Stored data entries
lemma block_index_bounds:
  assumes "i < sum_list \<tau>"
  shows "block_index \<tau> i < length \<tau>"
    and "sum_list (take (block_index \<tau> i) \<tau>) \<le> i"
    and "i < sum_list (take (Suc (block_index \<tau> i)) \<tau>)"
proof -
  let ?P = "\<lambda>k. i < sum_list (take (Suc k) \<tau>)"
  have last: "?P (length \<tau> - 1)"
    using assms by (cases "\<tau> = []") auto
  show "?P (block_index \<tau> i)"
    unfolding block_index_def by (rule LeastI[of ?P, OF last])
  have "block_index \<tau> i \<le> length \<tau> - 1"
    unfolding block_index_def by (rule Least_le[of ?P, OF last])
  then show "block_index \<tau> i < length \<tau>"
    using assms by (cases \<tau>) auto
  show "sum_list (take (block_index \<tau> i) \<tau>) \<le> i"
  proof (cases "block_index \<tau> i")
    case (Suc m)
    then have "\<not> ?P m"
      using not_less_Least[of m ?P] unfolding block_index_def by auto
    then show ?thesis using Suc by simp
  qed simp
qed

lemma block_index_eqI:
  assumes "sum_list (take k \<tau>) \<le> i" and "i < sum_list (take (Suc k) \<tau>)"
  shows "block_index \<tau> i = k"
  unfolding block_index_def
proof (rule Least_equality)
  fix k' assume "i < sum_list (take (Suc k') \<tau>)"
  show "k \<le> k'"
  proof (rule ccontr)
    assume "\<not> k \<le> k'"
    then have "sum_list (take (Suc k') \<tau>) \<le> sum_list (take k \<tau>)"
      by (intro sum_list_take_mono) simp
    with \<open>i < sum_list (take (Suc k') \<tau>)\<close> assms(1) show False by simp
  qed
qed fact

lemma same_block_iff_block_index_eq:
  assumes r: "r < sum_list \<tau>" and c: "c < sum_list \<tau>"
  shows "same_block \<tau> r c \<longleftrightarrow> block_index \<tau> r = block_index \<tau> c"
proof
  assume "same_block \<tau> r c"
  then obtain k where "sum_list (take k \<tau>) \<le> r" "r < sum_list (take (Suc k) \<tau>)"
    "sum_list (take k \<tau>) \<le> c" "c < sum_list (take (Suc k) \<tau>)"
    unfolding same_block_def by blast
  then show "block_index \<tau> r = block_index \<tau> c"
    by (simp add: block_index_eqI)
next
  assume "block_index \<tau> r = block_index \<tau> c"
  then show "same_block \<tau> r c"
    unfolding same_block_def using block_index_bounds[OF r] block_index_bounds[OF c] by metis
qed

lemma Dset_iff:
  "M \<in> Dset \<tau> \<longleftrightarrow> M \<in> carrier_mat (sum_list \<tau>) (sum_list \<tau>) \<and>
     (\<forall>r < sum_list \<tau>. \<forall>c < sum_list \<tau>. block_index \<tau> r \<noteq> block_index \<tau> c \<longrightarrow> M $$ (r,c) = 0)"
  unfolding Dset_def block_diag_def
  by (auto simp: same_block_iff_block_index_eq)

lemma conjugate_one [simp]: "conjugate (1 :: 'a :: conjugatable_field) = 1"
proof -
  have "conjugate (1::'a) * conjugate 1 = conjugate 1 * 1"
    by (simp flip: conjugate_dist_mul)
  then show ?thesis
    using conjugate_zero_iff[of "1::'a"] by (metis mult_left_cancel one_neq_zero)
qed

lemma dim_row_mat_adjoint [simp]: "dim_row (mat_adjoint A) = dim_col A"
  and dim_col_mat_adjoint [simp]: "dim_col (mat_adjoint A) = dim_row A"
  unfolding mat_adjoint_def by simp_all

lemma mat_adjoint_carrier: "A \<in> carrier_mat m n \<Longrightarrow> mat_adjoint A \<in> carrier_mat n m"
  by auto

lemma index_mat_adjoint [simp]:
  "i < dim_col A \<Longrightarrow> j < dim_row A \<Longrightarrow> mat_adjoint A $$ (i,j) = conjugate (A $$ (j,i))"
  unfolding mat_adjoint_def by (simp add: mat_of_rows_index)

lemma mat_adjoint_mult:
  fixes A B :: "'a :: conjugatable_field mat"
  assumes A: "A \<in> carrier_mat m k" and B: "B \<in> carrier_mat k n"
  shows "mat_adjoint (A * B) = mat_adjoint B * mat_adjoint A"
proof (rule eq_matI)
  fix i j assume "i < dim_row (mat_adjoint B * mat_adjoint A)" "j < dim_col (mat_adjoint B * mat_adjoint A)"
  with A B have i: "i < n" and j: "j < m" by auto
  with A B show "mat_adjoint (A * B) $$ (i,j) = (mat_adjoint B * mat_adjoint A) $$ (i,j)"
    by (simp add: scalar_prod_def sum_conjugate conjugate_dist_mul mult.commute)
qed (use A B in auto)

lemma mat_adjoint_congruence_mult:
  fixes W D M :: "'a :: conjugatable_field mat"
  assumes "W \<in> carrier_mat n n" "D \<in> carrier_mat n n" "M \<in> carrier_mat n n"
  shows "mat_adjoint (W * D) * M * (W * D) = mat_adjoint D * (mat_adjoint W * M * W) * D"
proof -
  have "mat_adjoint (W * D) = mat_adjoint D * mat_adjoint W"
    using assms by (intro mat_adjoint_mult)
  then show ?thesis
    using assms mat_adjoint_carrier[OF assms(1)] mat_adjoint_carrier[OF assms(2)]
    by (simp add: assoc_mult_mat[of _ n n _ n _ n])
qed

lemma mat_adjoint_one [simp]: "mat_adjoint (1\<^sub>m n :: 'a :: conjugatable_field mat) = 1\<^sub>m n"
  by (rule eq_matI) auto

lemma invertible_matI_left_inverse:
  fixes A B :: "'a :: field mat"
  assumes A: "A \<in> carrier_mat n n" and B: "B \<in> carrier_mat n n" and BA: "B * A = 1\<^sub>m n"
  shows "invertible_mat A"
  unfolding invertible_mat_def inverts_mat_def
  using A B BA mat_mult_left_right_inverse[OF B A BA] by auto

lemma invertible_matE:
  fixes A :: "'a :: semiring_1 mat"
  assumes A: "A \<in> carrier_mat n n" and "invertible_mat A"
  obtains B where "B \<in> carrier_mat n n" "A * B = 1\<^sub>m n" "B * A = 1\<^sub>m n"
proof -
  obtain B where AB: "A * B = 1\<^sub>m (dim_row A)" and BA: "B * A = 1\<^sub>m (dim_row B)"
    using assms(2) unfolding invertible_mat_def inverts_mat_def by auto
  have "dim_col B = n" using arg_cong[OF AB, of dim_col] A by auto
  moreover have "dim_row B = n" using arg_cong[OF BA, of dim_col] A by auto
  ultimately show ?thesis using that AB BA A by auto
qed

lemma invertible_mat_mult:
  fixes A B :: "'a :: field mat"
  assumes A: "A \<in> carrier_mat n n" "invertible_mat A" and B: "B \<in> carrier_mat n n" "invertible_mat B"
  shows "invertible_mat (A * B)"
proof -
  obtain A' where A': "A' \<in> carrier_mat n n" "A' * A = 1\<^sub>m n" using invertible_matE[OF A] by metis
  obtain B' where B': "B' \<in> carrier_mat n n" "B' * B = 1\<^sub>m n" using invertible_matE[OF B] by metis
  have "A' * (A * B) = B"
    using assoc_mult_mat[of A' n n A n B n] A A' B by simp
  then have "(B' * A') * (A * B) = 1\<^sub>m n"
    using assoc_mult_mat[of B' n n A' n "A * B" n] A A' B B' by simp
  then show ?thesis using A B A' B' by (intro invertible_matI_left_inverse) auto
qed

▶ [Work instruction] Transcribe the entries exactly, and make each line match the original.

▶ [Answer area]
lemma block_index_bounds:
  assumes "i < sum_list \<tau>"
  shows "block_index \<tau> i < length \<tau>"
    and "sum_list (take (block_index \<tau> i) \<tau>) \<le> i"
    and "i < sum_list (take (Suc (block_index \<tau> i)) \<tau>)"
proof -
  let ?P = "\<lambda>k. i < sum_list (take (Suc k) \<tau>)"
  have last: "?P (length \<tau> - 1)"
    using assms by (cases "\<tau> = []") auto
  show "?P (block_index \<tau> i)"
    unfolding block_index_def by (rule LeastI[of ?P, OF last])
  have "block_index \<tau> i \<le> length \<tau> - 1"
    unfolding block_index_def by (rule Least_le[of ?P, OF last])
  then show "block_index \<tau> i < length \<tau>"
    using assms by (cases \<tau>) auto
  show "sum_list (take (block_index \<tau> i) \<tau>) \<le> i"
  proof (cases "block_index \<tau> i")
    case (Suc m)
    then have "\<not> ?P m"
      using not_less_Least[of m ?P] unfolding block_index_def by auto
    then show ?thesis using Suc by simp
  qed simp
qed

lemma block_index_eqI:
  assumes "sum_list (take k \<tau>) \<le> i" and "i < sum_list (take (Suc k) \<tau>)"
  shows "block_index \<tau> i = k"
  unfolding block_index_def
proof (rule Least_equality)
  fix k' assume "i < sum_list (take (Suc k') \<tau>)"
  show "k \<le> k'"
  proof (rule ccontr)
    assume "\<not> k \<le> k'"
    then have "sum_list (take (Suc k') \<tau>) \<le> sum_list (take k \<tau>)"
      by (intro sum_list_take_mono) simp
    with \<open>i < sum_list (take (Suc k') \<tau>)\<close> assms(1) show False by simp
  qed
qed fact

lemma same_block_iff_block_index_eq:
  assumes r: "r < sum_list \<tau>" and c: "c < sum_list \<tau>"
  shows "same_block \<tau> r c \<longleftrightarrow> block_index \<tau> r = block_index \<tau> c"
proof
  assume "same_block \<tau> r c"
  then obtain k where "sum_list (take k \<tau>) \<le> r" "r < sum_list (take (Suc k) \<tau>)"
    "sum_list (take k \<tau>) \<le> c" "c < sum_list (take (Suc k) \<tau>)"
    unfolding same_block_def by blast
  then show "block_index \<tau> r = block_index \<tau> c"
    by (simp add: block_index_eqI)
next
  assume "block_index \<tau> r = block_index \<tau> c"
  then show "same_block \<tau> r c"
    unfolding same_block_def using block_index_bounds[OF r] block_index_bounds[OF c] by metis
qed

lemma Dset_iff:
  "M \<in> Dset \<tau> \<longleftrightarrow> M \<in> carrier_mat (sum_list \<tau>) (sum_list \<tau>) \<and>
     (\<forall>r < sum_list \<tau>. \<forall>c < sum_list \<tau>. block_index \<tau> r \<noteq> block_index \<tau> c \<longrightarrow> M $$ (r,c) = 0)"
  unfolding Dset_def block_diag_def
  by (auto simp: same_block_iff_block_index_eq)

lemma conjugate_one [simp]: "conjugate (1 :: 'a :: conjugatable_field) = 1"
proof -
  have "conjugate (1::'a) * conjugate 1 = conjugate 1 * 1"
    by (simp flip: conjugate_dist_mul)
  then show ?thesis
    using conjugate_zero_iff[of "1::'a"] by (metis mult_left_cancel one_neq_zero)
qed

lemma dim_row_mat_adjoint [simp]: "dim_row (mat_adjoint A) = dim_col A"
  and dim_col_mat_adjoint [simp]: "dim_col (mat_adjoint A) = dim_row A"
  unfolding mat_adjoint_def by simp_all

lemma mat_adjoint_carrier: "A \<in> carrier_mat m n \<Longrightarrow> mat_adjoint A \<in> carrier_mat n m"
  by auto

lemma index_mat_adjoint [simp]:
  "i < dim_col A \<Longrightarrow> j < dim_row A \<Longrightarrow> mat_adjoint A $$ (i,j) = conjugate (A $$ (j,i))"
  unfolding mat_adjoint_def by (simp add: mat_of_rows_index)

lemma mat_adjoint_mult:
  fixes A B :: "'a :: conjugatable_field mat"
  assumes A: "A \<in> carrier_mat m k" and B: "B \<in> carrier_mat k n"
  shows "mat_adjoint (A * B) = mat_adjoint B * mat_adjoint A"
proof (rule eq_matI)
  fix i j assume "i < dim_row (mat_adjoint B * mat_adjoint A)" "j < dim_col (mat_adjoint B * mat_adjoint A)"
  with A B have i: "i < n" and j: "j < m" by auto
  with A B show "mat_adjoint (A * B) $$ (i,j) = (mat_adjoint B * mat_adjoint A) $$ (i,j)"
    by (simp add: scalar_prod_def sum_conjugate conjugate_dist_mul mult.commute)
qed (use A B in auto)

lemma mat_adjoint_congruence_mult:
  fixes W D M :: "'a :: conjugatable_field mat"
  assumes "W \<in> carrier_mat n n" "D \<in> carrier_mat n n" "M \<in> carrier_mat n n"
  shows "mat_adjoint (W * D) * M * (W * D) = mat_adjoint D * (mat_adjoint W * M * W) * D"
proof -
  have "mat_adjoint (W * D) = mat_adjoint D * mat_adjoint W"
    using assms by (intro mat_adjoint_mult)
  then show ?thesis
    using assms mat_adjoint_carrier[OF assms(1)] mat_adjoint_carrier[OF assms(2)]
    by (simp add: assoc_mult_mat[of _ n n _ n _ n])
qed

lemma mat_adjoint_one [simp]: "mat_adjoint (1\<^sub>m n :: 'a :: conjugatable_field mat) = 1\<^sub>m n"
  by (rule eq_matI) auto

lemma invertible_matI_left_inverse:
  fixes A B :: "'a :: field mat"
  assumes A: "A \<in> carrier_mat n n" and B: "B \<in> carrier_mat n n" and BA: "B * A = 1\<^sub>m n"
  shows "invertible_mat A"
  unfolding invertible_mat_def inverts_mat_def
  using A B BA mat_mult_left_right_inverse[OF B A BA] by auto

lemma invertible_matE:
  fixes A :: "'a :: semiring_1 mat"
  assumes A: "A \<in> carrier_mat n n" and "invertible_mat A"
  obtains B where "B \<in> carrier_mat n n" "A * B = 1\<^sub>m n" "B * A = 1\<^sub>m n"
proof -
  obtain B where AB: "A * B = 1\<^sub>m (dim_row A)" and BA: "B * A = 1\<^sub>m (dim_row B)"
    using assms(2) unfolding invertible_mat_def inverts_mat_def by auto
  have "dim_col B = n" using arg_cong[OF AB, of dim_col] A by auto
  moreover have "dim_row B = n" using arg_cong[OF BA, of dim_col] A by auto
  ultimately show ?thesis using that AB BA A by auto
qed

lemma invertible_mat_mult:
  fixes A B :: "'a :: field mat"
  assumes A: "A \<in> carrier_mat n n" "invertible_mat A" and B: "B \<in> carrier_mat n n" "invertible_mat B"
  shows "invertible_mat (A * B)"
proof -
  obtain A' where A': "A' \<in> carrier_mat n n" "A' * A = 1\<^sub>m n" using invertible_matE[OF A] by metis
  obtain B' where B': "B' \<in> carrier_mat n n" "B' * B = 1\<^sub>m n" using invertible_matE[OF B] by metis
  have "A' * (A * B) = B"
    using assoc_mult_mat[of A' n n A n B n] A A' B by simp
  then have "(B' * A') * (A * B) = 1\<^sub>m n"
    using assoc_mult_mat[of B' n n A' n "A * B" n] A A' B B' by simp
  then show ?thesis using A B A' B' by (intro invertible_matI_left_inverse) auto
qed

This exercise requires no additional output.